Perjalanan berikutnya Kiai Hasyim menyusun risalah al-Mawaidz, sebagai responnya terhadap banyaknya perdebatan furu’iyyah di kalangan umat Islam yang kontra produktif. Beliau memberi nasihat kepada kalangan tradisionalis, modernis, dan keduanya. Padahal ada masalah penting yang dihadapi bersama yakni adanya ordonansi Belanda yang mempersempit gerak belajar-mengajar umat Islam Indonesia. (hal. 128) Gus Kikin mengatakan bahwa penerbitan disebarluaskannya risalah ini adalah bentuk upaya penyatuan umat Islam Indonesia.

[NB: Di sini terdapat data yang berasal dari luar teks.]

lemma nonsingular_on_column_nonzero:
  assumes "finite U" "v \<in> U" "nonsingular_on a U"
  shows "\<exists>u\<in>U. a u v \<noteq> 0"
proof (rule ccontr)
  assume "\<not> (\<exists>u\<in>U. a u v \<noteq> 0)"
  then have "kernel_on a U (\<lambda>j. if j = v then 1 else 0)"
    using assms(1,2) by (simp add: kernel_on_def if_distrib cong: if_cong)
  then show False using assms(2,3) by (fastforce simp: nonsingular_on_def)
qed

text \<open>A kernel vector of the smaller block extends to one of \<open>U\<close> by \<open>0\<close> at \<open>u\<close> and by the
  value at \<open>v\<close> that row \<open>u\<close> forces.\<close>

lemma nonsingular_on_Diff_pair:
  assumes "finite U" "u \<in> U" "v \<in> U" "u \<noteq> v" "a u v \<noteq> 0"
    "\<forall>i\<in>U - {u}. a i v = 0" "\<forall>j\<in>U - {u, v}. a v j = 0" "nonsingular_on a U"
  shows "nonsingular_on a (U - {u, v})"
  unfolding nonsingular_on_def
proof (intro allI impI)
  fix y assume ker: "kernel_on a (U - {u, v}) y"
  define y' where "y' = y(u := 0, v := - (\<Sum>j\<in>U - {u, v}. a u j * y j) / a u v)"
  have split: "(\<Sum>j\<in>U. a i j * y' j) = a i v * y' v + (\<Sum>j\<in>U - {u, v}. a i j * y j)" for i
  proof -
    have "(\<Sum>j\<in>U. a i j * y' j) = (\<Sum>j\<in>{u, v}. a i j * y' j) + (\<Sum>j\<in>U - {u, v}. a i j * y' j)"
      using sum.subset_diff[of "{u, v}" U] assms(1-3) by (simp add: add.commute)
    then show ?thesis using assms(4) by (simp add: y'_def)
  qed
  have "kernel_on a U y'"
    unfolding kernel_on_def
  proof
    fix i assume i: "i \<in> U"
    consider "i = u" | "i = v" | "i \<in> U - {u, v}" using i by blast
    then show "(\<Sum>j\<in>U. a i j * y' j) = 0"
    proof cases
      case 1
      then show ?thesis using split assms(5) by (simp add: y'_def)
    next
      case 2
      then show ?thesis using split assms(3,4,6,7) by simp
    next
      case 3
      then show ?thesis using split ker assms(6) by (simp add: kernel_on_def)
    qed
  qed
  then have zero: "\<forall>j\<in>U. y' j = 0" using assms(8) by (simp add: nonsingular_on_def)
  show "\<forall>j\<in>U - {u, v}. y j = 0"
  proof
    fix j assume j: "j \<in> U - {u, v}"
    then have "y' j = y j" by (simp add: y'_def)
    then show "y j = 0" using zero j by simp
  qed
qed

section \<open>Sparsity patterns and path partitions\<close>

definition has_pattern :: "nat set set \<Rightarrow> (nat \<Rightarrow> nat \<Rightarrow> 'a::zero) \<Rightarrow> nat set \<Rightarrow> bool" where
  "has_pattern E a V \<longleftrightarrow> (\<forall>i\<in>V. \<forall>j\<in>V. i \<noteq> j \<longrightarrow> (a i j \<noteq> 0 \<longleftrightarrow> {i, j} \<in> E))"

lemma has_patternD:
  "has_pattern E a V \<Longrightarrow> i \<in> V \<Longrightarrow> j \<in> V \<Longrightarrow> i \<noteq> j \<Longrightarrow> a i j \<noteq> 0 \<longleftrightarrow> {i, j} \<in> E"
  unfolding has_pattern_def by blast
lemma residual_cut_gives_larger_cochar:
  assumes adapted: "sign_adapted r {-r..0} lam g"
    and w0: "w0 \<in> W" "pair_wt lam w0 = 0" and cut: "(head w0, tail w0) \<notin> (residual r lam g)\<^sup>*"
  shows "\<exists>mu. cochar I d mu \<and> cgt I E s t d mu lam \<and> sign_adapted r {-r..0} mu g"
proof -
  define U where "U = {v. (head w0, v) \<in> (residual r lam g)\<^sup>*}"
  have U_closed: "y \<in> U" if "(x, y) \<in> residual r lam g" "x \<in> U" for x y
    using that by (auto simp: U_def)
  \<comment> \<open>The factor 2 preserves the sign on lambda-nonneutral weights, as their pairing with lambda
    is a nonzero integer.\<close>
  define mu where "mu = centered (\<lambda>b. 2 * lam b + of_bool (b \<in> U))"
  have "0 < card B"
    using head_in_B[OF w0(1)] finite_B card_gt_0_iff by blast
  have pos: "0 < pair_wt mu w \<longleftrightarrow> 0 < pair_wt lam w \<or> (pair_wt lam w = 0 \<and> head w \<in> U \<and> tail w \<notin> U)"
    and neg: "pair_wt mu w < 0 \<longleftrightarrow> pair_wt lam w < 0 \<or> (pair_wt lam w = 0 \<and> tail w \<in> U \<and> head w \<notin> U)"
    if "w \<in> W" for w
  proof -
    have "pair_wt mu w = of_int (int (card B) * (2 * (lam (head w) - lam (tail w))
                                 + (of_bool (head w \<in> U) - of_bool (tail w \<in> U))))"
      using that by (simp add: mu_def pairing_centered_wt algebra_simps)
    moreover have "pair_wt lam w = of_int (lam (head w) - lam (tail w))"
      using pairing_wt that .
    ultimately show "0 < pair_wt mu w \<longleftrightarrow> 0 < pair_wt lam w \<or> (pair_wt lam w = 0 \<and> head w \<in> U \<and> tail w \<notin> U)"
      and "pair_wt mu w < 0 \<longleftrightarrow> pair_wt lam w < 0 \<or> (pair_wt lam w = 0 \<and> tail w \<in> U \<and> head w \<notin> U)"
      using \<open>0 < card B\<close>
      by (cases "head w \<in> U"; cases "tail w \<in> U"; auto simp: zero_less_mult_iff mult_less_0_iff)+
  qed
  have "cgeq I E s t d mu lam"
    using pos by (auto simp: cgeq_def)
  moreover have "\<not> cgeq I E s t d lam mu"
    using w0 pos[OF w0(1)] cut by (auto simp: cgeq_def U_def)
  moreover have "sign_adapted r {-r..0} mu g"
    unfolding sign_adapted_def
  proof (intro ballI conjI impI)
    fix w assume w: "w \<in> W"
    have lam_adapted: "(pair_wt lam w < 0 \<longrightarrow> g w = 0) \<and> (0 < pair_wt lam w \<longrightarrow> g w = -r)
        \<and> (pair_wt lam w = 0 \<longrightarrow> -r \<le> g w \<and> g w \<le> 0)"
      using adapted w by (simp add: sign_adapted_def)
    show "g w = -r" if "0 < pair_wt mu w"
    proof (rule ccontr)
      assume "g w \<noteq> -r"
      with that pos[OF w] lam_adapted have "pair_wt lam w = 0" "-r < g w" "head w \<in> U" "tail w \<notin> U"
        by auto
      with w U_closed show False
        unfolding residual_def by blast
    qed
    show "g w = 0" if "pair_wt mu w < 0"
    proof (rule ccontr)
      assume "g w \<noteq> 0"
      with that neg[OF w] lam_adapted have "pair_wt lam w = 0" "g w < 0" "tail w \<in> U" "head w \<notin> U"
        by auto
      with w U_closed show False
        unfolding residual_def by blast
    qed
    show "g w \<in> {-r..0}" if "pair_wt mu w = 0"
      using that pos[OF w] neg[OF w] lam_adapted by auto
  qed
  ultimately show ?thesis
    using cochar_centered mu_def by (auto simp: cgt_def)
qed

end

locale symmetric_quiver_weights = quiver_weights +
  assumes symmetric: "symmetric_quiver I E s t"
begin

lemma weight_reversal: "\<exists>\<sigma>. bij_betw \<sigma> W W \<and> (\<forall>w\<in>W. wt s t (\<sigma> w) = (\<lambda>b. - wt s t w b))"
proof -
  obtain \<phi> where \<phi>: "bij_betw \<phi> E E" "\<forall>a\<in>E. s (\<phi> a) = t a \<and> t (\<phi> a) = s a"
    using symmetric_quiver_reversal[OF finite_E symmetric arrows_in_I] by blast
  define \<sigma> where "\<sigma> w = (case w of (a, x, y) \<Rightarrow> (\<phi> a, y, x))" for w :: "_ \<times> nat \<times> nat"
  have "\<sigma> ` W \<subseteq> W"
    using \<phi> by (auto simp: \<sigma>_def Widx_def bij_betw_def)
  moreover have "inj_on \<sigma> W"
    using \<phi>(1) by (auto simp: inj_on_def \<sigma>_def Widx_def bij_betw_def)
  ultimately have "bij_betw \<sigma> W W"
    using endo_inj_surj[OF finite_W] by (simp add: bij_betw_def)
  moreover have "\<forall>w\<in>W. wt s t (\<sigma> w) = (\<lambda>b. - wt s t w b)"
    using \<phi>(2) by (auto simp: \<sigma>_def Widx_def wt_def)
  ultimately show ?thesis
    by blast
qed

lemma mem_rW_iff:
  "\<psi> \<in> rW I E s t d r \<longleftrightarrow> (\<exists>g c. (\<forall>w\<in>W. -r \<le> g w \<and> g w \<le> 0) \<and> \<psi> = wcomb g c)"
proof -
  obtain \<sigma> where \<sigma>: "bij_betw \<sigma> W W" "\<forall>w\<in>W. wt s t (\<sigma> w) = (\<lambda>b. - wt s t w b)"
    using weight_reversal by blast
  have reverse: "wsum f = wsum (\<lambda>w. - f (\<sigma> w))" for f
  proof -
    have "wsum f = (\<lambda>b. \<Sum>w\<in>W. f (\<sigma> w) * wt s t (\<sigma> w) b)"
      unfolding wsum_def by (intro ext) (rule sum.reindex_bij_betw[OF \<sigma>(1), symmetric])
    also have "\<dots> = wsum (\<lambda>w. - f (\<sigma> w))"
      unfolding wsum_def using \<sigma>(2) by (intro ext sum.cong) auto
    finally show ?thesis .
  qed
  have \<sigma>_W: "\<sigma> w \<in> W" if "w \<in> W" for w
    using \<sigma>(1) that bij_betwE by blast
  have rW: "rW I E s t d r = {wcomb f c | f c. \<forall>w\<in>W. 0 \<le> f w \<and> f w \<le> r}"
    by (auto simp: rW_def wcomb_def wsum_def)
  show ?thesis
  proof
    assume "\<psi> \<in> rW I E s t d r"
    then obtain f c where "\<forall>w\<in>W. 0 \<le> f w \<and> f w \<le> r" "\<psi> = wcomb f c"
      by (auto simp: rW)
    then show "\<exists>g c. (\<forall>w\<in>W. -r \<le> g w \<and> g w \<le> 0) \<and> \<psi> = wcomb g c"
      using \<sigma>_W by (intro exI[of _ "\<lambda>w. - f (\<sigma> w)"] exI[of _ c]) (auto simp: wcomb_def reverse[of f])
  next
    assume "\<exists>g c. (\<forall>w\<in>W. -r \<le> g w \<and> g w \<le> 0) \<and> \<psi> = wcomb g c"
    then obtain g c where "\<forall>w\<in>W. -r \<le> g w \<and> g w \<le> 0" "\<psi> = wcomb g c"
      by blast
    moreover from this(1) have "\<forall>w\<in>W. 0 \<le> - g (\<sigma> w) \<and> - g (\<sigma> w) \<le> r"
      using \<sigma>_W by fastforce
    ultimately show "\<psi> \<in> rW I E s t d r"
      unfolding rW by (auto simp: wcomb_def reverse[of g])
  qed
qed

lemma mem_Fr_imp_decomp:
  assumes "cochar I d lam" and "\<chi> \<in> Fr I E s t d r lam"
  shows "decomp I E s t d r {-r..0} lam \<chi>"
proof -
  obtain g c where bounds: "\<forall>w\<in>W. -r \<le> g w \<and> g w \<le> 0" and \<chi>: "\<chi> = wcomb g c"
    using assms(2) by (auto simp: Fr_def mem_rW_iff)
  then have "\<forall>w\<in>W. (0 < pair_wt lam w \<longrightarrow> g w = -r) \<and> (pair_wt lam w < 0 \<longrightarrow> g w = 0)"
    using assms wcomb_mem_Hr_iff[OF assms(1) bounds] by (simp add: Fr_def)
  with bounds have "sign_adapted r {-r..0} lam g"
    by (simp add: sign_adapted_def)
  with \<chi> show ?thesis
    by (auto simp: decomp_iff)
qed

lemma decomp_imp_mem_Fr:
  assumes "cochar I d lam" and "0 \<le> r" and "decomp I E s t d r {-r..0} lam \<chi>"
  shows "\<chi> \<in> Fr I E s t d r lam"
proof -
  obtain g c where adapted: "sign_adapted r {-r..0} lam g" and \<chi>: "\<chi> = wcomb g c"
    using assms(3) by (auto simp: decomp_iff)
  have "\<chi> \<in> rW I E s t d r"
    using sign_adapted_bounds[OF assms(2) adapted] \<chi> by (auto simp: mem_rW_iff)
  moreover have "\<chi> \<in> Hr I E s t d r lam"
    using sign_adapted_imp_wcomb_mem_Hr[OF assms(1,2) adapted] \<chi> by simp
  ultimately show ?thesis
    by (simp add: Fr_def)
qed

lemma Fr_subset_imp_cgeq:
  assumes "0 < r" and "cochar I d lam" and "cochar I d mu"
    and subset: "Fr I E s t d r mu \<subseteq> Fr I E s t d r lam"
  shows "cgeq I E s t d mu lam"
proof -
  define g where "g w = (if 0 < pair_wt mu w then -r else if pair_wt mu w < 0 then 0 else -r / 2)" for w
  have bounds: "\<forall>w\<in>W. -r \<le> g w \<and> g w \<le> 0"
    using \<open>0 < r\<close> by (simp add: g_def)
  have "sign_adapted r {-r..0} mu g"
    using \<open>0 < r\<close> by (simp add: sign_adapted_def g_def)
  then have "decomp I E s t d r {-r..0} mu (wcomb g 0)"
    by (auto simp: decomp_iff)
  then have "wcomb g 0 \<in> Fr I E s t d r mu"
    using decomp_imp_mem_Fr[OF assms(3)] \<open>0 < r\<close> by simp
  with subset have "wcomb g 0 \<in> Hr I E s t d r lam"
    by (auto simp: Fr_def)
  then have "\<forall>w\<in>W. 0 < pair_wt lam w \<longrightarrow> g w = -r"
    using wcomb_mem_Hr_iff[OF assms(2) bounds] by blast
  then show ?thesis
    using \<open>0 < r\<close> by (auto simp: cgeq_def g_def split: if_splits)
qed

lemma tight_empty_if_card_minimal:
  assumes "0 < r" and Fint: "\<chi> \<in> Fint I E s t d r lam"
    and adapted: "sign_adapted r {-r..0} lam g" and \<chi>: "\<chi> = wcomb g c"
    and minimal: "\<And>g'. sign_adapted r {-r..0} lam g' \<Longrightarrow> \<chi> = wcomb g' c
                        \<Longrightarrow> card (tight r lam g) \<le> card (tight r lam g')"
  shows "tight r lam g = {}"
proof (rule ccontr)
  assume "tight r lam g \<noteq> {}"
  then obtain w0 where w0: "w0 \<in> tight r lam g"
    by blast
  show False
  proof (cases "(head w0, tail w0) \<in> (residual r lam g)\<^sup>*")
    case True
    then obtain g' where adapted': "sign_adapted r {-r..0} lam g'" and "wsum g' = wsum g"
      and shrinks: "tight r lam g' \<subset> tight r lam g"
      using residual_cycle_shrinks_tight[OF \<open>0 < r\<close> adapted w0] by blast
    then have "\<chi> = wcomb g' c"
      using \<chi> by (simp add: wcomb_def)
    moreover have "card (tight r lam g') < card (tight r lam g)"
      using psubset_card_mono[OF _ shrinks] finite_W by (simp add: tight_def)
    ultimately show False
      using minimal[OF adapted'] by simp
  next
    case False
    then obtain mu where "cochar I d mu" "cgt I E s t d mu lam" "sign_adapted r {-r..0} mu g"
      using residual_cut_gives_larger_cochar[OF adapted] w0 unfolding tight_def by blast
    then have "decomp I E s t d r {-r..0} mu \<chi>"
      using \<chi> by (auto simp: decomp_iff)
    then have "\<chi> \<in> Fr I E s t d r mu"
      using decomp_imp_mem_Fr \<open>cochar I d mu\<close> \<open>0 < r\<close> by simp
    with Fint \<open>cochar I d mu\<close> \<open>cgt I E s t d mu lam\<close> show False
      by (auto simp: Fint_def)
  qed
qed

Lalu di tahun 1937 muncul MIAI sebagai representasi kesatuan umat Islam Indonesia kala itu. Berdirinya MIAI saat itu dinilai adalah buah dari usaha penyatuan Kiai Hasyim sejak janjinya di depan Multazam, pendirian pesantren, penyusunan kitab, hingga pendirian NU. Komitmen dan otoritas Kiai Hasyim terhadap upaya penyatuan umat Islam dinilai oleh Gus Kikin membuahkan hasil akan munculnya Resolusi Jihad di tahun 1945. (hal. 143)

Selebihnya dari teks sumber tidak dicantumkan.